→ **Input for this task**
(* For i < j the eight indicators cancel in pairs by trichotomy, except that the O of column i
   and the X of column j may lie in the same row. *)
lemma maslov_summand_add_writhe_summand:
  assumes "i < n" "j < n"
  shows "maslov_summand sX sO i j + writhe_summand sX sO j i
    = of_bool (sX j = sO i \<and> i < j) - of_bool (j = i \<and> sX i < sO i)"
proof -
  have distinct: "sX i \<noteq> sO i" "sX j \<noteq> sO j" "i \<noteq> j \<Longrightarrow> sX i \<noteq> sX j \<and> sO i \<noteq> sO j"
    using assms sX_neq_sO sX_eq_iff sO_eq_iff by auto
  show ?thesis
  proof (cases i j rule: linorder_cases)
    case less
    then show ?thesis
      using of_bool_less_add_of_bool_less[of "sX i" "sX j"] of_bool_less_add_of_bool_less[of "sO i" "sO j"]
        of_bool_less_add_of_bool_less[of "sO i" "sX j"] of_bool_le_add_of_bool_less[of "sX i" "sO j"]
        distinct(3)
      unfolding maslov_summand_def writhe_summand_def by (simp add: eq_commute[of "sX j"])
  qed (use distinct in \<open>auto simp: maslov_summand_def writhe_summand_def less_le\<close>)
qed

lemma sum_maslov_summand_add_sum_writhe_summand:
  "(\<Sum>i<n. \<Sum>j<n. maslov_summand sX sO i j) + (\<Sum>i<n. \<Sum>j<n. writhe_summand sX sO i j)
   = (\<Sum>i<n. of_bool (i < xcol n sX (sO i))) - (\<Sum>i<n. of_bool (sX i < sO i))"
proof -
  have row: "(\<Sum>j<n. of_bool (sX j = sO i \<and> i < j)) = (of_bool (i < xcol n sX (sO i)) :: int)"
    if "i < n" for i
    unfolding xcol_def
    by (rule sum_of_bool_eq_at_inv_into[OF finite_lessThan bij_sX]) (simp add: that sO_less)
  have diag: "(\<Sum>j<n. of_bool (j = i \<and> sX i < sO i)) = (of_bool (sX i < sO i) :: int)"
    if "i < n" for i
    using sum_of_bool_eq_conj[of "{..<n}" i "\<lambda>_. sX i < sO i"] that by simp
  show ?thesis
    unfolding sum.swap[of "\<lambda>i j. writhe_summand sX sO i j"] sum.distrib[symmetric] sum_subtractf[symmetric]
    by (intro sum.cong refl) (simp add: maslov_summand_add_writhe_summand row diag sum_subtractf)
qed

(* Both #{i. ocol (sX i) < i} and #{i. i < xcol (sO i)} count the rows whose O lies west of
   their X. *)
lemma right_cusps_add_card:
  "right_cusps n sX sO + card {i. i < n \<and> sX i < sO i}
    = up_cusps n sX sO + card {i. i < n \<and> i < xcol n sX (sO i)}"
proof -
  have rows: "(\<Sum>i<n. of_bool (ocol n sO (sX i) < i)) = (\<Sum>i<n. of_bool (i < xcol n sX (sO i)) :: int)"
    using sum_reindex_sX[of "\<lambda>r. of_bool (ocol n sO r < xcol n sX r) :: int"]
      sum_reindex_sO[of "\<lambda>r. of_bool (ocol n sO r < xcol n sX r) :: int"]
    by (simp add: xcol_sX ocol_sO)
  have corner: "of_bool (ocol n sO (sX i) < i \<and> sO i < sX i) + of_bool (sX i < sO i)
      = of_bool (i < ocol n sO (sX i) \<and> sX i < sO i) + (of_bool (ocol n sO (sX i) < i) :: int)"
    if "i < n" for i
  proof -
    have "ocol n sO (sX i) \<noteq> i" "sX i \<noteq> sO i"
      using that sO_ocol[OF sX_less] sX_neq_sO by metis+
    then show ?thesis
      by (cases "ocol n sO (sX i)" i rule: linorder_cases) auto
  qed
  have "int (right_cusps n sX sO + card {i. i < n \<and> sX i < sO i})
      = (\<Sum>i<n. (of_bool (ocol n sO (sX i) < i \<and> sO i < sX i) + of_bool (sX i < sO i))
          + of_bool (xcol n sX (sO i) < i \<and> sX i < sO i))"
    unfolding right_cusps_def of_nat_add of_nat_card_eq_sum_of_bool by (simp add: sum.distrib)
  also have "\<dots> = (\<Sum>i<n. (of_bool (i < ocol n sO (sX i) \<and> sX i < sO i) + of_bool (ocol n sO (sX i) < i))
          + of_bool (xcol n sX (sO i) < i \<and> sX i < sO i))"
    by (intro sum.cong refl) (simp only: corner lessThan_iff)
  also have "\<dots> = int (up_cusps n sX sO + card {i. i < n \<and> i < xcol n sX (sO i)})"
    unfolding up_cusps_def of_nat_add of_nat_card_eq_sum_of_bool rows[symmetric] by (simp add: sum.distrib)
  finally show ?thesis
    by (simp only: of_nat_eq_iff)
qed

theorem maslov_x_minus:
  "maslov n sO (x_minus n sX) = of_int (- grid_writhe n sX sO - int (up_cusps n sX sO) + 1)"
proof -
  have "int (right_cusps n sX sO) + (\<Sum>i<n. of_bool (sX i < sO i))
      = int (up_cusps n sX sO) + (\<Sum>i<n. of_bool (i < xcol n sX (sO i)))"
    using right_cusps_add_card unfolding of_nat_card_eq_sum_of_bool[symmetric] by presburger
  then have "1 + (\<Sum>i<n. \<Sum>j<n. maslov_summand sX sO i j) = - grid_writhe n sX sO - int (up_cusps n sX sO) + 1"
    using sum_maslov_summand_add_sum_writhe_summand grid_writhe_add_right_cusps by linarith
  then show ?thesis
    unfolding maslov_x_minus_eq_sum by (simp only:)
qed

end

→ **The problem**
Scan the data above and copy each line containing the word "refl".

→ **Written solution**
    by (intro sum.cong refl) (simp add: maslov_summand_add_writhe_summand row diag sum_subtractf)
    by (intro sum.cong refl) (simp only: corner lessThan_iff)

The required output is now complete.